__ACTIVITY__
Of all the lines in these entries, count those that contain "with" and give only the total.

***** RECORDS SUPPLIED

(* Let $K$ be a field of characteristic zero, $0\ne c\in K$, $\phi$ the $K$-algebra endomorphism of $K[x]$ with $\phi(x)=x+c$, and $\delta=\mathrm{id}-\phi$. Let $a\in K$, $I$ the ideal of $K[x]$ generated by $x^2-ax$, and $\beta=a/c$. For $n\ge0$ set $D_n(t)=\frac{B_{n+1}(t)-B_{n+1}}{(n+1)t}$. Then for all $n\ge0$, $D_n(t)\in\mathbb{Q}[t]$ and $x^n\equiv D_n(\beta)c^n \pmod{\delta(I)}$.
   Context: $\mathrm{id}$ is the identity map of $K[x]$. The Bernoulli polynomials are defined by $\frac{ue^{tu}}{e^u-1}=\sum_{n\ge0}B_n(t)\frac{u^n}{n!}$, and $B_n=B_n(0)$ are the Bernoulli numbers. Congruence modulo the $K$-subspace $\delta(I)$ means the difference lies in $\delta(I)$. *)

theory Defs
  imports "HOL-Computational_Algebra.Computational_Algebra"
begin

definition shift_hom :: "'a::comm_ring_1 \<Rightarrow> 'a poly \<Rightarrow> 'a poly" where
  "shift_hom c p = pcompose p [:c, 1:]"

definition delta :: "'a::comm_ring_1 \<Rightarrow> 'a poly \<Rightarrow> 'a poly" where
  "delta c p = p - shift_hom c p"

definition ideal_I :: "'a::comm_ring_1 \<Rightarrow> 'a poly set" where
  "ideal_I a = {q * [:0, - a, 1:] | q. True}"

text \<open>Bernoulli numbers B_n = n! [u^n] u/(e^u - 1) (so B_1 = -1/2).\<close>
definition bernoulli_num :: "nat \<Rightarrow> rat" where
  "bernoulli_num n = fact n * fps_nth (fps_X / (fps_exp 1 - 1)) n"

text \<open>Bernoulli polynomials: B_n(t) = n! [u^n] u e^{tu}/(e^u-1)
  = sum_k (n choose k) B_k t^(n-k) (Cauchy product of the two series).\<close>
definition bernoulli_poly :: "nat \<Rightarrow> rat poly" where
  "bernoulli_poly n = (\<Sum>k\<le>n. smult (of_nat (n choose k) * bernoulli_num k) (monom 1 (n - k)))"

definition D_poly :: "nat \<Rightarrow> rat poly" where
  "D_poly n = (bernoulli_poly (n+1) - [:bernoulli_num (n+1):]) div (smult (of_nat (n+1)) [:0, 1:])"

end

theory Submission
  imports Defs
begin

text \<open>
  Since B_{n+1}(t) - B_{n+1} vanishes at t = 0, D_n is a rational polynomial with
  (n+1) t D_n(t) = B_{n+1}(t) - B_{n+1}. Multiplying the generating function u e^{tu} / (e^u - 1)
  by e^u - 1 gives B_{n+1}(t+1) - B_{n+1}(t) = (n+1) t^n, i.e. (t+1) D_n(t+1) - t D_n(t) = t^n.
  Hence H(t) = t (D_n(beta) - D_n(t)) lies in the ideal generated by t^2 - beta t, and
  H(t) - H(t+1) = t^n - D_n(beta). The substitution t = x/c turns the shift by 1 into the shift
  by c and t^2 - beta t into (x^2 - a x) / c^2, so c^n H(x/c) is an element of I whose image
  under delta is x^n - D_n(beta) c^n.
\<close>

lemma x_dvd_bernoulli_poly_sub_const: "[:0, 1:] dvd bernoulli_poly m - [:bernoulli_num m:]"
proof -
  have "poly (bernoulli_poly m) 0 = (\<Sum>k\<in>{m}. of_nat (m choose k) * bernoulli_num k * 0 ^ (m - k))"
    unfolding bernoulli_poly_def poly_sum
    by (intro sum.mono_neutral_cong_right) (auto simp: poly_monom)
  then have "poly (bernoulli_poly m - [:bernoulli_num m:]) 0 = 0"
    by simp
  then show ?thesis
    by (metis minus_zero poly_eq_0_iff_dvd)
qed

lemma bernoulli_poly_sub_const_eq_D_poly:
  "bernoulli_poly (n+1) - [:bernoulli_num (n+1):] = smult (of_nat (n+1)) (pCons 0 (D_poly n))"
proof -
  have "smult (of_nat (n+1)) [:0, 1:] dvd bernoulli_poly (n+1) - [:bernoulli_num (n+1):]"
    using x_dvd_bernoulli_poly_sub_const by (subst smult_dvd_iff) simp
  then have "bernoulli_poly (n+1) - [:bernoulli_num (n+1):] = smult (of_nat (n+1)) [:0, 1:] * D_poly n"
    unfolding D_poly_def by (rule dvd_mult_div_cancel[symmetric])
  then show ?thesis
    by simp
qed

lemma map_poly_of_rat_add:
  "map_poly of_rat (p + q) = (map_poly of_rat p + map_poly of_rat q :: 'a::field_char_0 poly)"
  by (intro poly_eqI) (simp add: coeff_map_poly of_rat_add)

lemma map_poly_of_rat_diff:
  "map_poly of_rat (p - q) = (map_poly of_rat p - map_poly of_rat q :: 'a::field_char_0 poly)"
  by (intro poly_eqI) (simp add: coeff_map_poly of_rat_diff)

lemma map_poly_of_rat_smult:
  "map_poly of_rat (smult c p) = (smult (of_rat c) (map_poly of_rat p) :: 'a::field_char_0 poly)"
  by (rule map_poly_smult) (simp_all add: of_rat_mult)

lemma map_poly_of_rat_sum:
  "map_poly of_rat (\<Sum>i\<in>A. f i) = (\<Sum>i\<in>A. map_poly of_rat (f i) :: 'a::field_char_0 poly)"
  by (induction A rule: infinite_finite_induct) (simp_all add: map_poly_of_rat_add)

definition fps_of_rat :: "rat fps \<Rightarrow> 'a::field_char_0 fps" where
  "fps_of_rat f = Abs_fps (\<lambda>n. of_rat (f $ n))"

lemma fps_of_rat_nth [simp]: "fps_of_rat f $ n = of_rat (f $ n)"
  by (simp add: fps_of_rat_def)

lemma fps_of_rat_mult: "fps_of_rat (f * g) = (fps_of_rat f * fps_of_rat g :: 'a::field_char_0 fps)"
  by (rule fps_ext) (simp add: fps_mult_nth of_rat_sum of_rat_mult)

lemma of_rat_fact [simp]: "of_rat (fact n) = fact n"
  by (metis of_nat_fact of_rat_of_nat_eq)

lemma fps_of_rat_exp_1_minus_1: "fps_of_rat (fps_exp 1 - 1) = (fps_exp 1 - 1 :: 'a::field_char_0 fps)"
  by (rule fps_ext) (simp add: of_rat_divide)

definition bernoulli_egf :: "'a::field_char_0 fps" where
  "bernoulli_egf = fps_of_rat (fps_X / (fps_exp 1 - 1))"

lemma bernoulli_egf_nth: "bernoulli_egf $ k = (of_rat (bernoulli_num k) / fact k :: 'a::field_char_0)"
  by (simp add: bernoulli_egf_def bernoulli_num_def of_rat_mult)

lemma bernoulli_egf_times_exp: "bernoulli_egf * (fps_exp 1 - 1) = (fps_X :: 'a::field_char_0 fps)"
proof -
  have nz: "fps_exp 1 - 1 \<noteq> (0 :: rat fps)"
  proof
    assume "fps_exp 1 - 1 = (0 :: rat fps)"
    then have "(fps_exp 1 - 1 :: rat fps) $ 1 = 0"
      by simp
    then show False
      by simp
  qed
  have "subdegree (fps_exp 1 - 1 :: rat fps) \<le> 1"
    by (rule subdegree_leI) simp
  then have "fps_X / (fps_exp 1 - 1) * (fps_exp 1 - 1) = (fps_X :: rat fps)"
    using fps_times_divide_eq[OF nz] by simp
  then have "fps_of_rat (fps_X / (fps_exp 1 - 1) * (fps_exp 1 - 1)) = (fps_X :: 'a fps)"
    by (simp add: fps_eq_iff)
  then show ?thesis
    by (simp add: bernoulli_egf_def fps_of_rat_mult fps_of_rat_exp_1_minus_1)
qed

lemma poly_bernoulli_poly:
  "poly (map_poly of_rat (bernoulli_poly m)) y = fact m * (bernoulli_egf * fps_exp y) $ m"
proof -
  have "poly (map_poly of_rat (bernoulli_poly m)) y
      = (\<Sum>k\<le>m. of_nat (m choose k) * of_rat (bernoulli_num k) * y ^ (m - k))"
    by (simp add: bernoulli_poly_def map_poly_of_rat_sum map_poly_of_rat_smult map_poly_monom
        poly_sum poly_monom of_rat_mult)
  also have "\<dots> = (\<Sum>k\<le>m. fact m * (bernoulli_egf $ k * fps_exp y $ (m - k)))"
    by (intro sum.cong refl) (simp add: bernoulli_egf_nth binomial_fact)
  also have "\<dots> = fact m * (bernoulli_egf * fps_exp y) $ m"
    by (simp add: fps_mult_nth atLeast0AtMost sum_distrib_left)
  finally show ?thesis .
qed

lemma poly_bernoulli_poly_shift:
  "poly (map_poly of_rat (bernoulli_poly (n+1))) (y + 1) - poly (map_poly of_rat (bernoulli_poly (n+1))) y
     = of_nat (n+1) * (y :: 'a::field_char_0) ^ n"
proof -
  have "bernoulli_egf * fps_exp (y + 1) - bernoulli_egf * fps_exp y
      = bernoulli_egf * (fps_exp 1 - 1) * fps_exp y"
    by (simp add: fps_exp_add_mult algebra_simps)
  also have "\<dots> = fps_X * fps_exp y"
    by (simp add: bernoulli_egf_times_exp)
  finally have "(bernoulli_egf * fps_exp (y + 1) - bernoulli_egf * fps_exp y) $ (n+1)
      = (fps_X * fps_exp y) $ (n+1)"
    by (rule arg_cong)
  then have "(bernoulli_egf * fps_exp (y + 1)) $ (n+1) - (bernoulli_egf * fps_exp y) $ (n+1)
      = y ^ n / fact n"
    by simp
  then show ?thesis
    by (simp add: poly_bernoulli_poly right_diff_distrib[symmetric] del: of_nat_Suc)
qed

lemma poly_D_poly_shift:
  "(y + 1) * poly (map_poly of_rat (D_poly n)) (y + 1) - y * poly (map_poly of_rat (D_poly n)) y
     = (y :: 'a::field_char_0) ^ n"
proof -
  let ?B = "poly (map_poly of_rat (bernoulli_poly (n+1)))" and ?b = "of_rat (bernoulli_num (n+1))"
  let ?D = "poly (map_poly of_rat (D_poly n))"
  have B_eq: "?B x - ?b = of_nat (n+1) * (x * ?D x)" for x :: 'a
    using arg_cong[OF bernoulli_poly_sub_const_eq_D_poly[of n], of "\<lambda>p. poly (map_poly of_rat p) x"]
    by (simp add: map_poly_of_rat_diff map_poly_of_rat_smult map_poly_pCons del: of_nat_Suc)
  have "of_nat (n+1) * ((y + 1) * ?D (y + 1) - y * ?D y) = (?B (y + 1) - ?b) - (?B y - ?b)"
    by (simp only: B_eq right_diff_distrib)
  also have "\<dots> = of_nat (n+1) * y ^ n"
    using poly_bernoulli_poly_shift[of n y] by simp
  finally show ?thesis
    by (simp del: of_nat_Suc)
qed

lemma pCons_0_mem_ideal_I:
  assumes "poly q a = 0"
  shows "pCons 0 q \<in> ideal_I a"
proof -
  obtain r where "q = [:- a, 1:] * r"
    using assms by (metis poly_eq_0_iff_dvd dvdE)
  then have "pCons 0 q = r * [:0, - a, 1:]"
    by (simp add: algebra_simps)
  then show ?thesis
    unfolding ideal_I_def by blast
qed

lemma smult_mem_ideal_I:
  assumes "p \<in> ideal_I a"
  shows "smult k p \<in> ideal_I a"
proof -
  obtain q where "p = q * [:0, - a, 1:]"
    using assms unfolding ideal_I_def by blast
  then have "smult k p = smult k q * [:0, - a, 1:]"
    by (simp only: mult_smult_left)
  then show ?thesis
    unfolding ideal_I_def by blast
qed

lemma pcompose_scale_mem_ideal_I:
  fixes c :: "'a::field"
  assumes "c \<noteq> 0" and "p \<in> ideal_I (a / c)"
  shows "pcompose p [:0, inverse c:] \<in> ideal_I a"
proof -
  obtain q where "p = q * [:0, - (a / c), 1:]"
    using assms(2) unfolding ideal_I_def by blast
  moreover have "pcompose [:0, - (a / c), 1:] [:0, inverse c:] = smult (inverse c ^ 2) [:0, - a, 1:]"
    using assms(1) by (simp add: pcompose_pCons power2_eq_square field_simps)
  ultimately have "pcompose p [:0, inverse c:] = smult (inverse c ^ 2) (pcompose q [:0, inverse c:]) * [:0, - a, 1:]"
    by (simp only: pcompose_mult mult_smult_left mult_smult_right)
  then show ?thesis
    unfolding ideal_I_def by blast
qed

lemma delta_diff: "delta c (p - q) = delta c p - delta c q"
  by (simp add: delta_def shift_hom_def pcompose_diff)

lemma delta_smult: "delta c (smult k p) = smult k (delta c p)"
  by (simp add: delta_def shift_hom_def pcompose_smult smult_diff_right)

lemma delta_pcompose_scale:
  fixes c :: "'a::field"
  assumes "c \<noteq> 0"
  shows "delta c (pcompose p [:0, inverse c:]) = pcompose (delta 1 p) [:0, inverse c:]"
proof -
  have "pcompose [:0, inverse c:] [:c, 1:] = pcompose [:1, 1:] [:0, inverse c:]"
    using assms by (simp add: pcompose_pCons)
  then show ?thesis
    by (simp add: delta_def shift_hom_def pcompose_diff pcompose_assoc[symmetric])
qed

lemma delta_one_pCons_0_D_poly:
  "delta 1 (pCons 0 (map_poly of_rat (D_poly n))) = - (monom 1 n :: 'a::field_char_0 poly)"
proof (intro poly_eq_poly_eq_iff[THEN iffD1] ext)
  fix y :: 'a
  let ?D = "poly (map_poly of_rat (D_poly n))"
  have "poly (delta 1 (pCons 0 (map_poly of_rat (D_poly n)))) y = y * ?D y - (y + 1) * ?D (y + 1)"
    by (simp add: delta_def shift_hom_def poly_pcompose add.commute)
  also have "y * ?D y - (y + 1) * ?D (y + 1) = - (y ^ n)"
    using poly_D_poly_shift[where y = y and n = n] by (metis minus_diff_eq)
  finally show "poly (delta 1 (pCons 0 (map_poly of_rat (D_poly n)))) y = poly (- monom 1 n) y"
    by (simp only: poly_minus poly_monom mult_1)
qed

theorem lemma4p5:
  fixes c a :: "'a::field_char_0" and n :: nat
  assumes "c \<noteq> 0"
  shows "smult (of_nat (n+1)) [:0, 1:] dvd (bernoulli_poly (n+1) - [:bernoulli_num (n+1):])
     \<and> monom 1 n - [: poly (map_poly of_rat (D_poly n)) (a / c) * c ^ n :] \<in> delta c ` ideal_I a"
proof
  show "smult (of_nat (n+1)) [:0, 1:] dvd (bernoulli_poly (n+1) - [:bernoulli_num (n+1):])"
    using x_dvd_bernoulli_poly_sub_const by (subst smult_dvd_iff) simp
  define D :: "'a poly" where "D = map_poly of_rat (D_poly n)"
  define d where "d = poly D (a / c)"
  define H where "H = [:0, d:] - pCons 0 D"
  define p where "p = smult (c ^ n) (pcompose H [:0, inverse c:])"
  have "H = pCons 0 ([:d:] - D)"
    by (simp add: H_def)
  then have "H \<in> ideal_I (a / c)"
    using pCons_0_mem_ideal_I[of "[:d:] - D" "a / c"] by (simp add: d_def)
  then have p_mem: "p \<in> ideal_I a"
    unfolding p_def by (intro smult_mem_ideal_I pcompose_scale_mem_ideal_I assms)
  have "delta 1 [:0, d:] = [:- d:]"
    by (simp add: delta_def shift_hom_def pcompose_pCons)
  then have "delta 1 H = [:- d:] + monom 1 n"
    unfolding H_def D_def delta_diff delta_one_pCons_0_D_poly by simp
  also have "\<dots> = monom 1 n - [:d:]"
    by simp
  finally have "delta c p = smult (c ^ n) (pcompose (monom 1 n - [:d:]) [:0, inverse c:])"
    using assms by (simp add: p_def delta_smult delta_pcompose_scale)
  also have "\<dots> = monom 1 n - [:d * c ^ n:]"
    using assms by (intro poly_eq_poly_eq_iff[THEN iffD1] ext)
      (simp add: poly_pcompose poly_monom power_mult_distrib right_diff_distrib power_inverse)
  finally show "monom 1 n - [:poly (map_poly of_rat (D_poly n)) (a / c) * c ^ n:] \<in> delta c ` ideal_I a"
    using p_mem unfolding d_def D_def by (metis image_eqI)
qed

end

**********

__SOLUTION FOR THIS EXERCISE__
2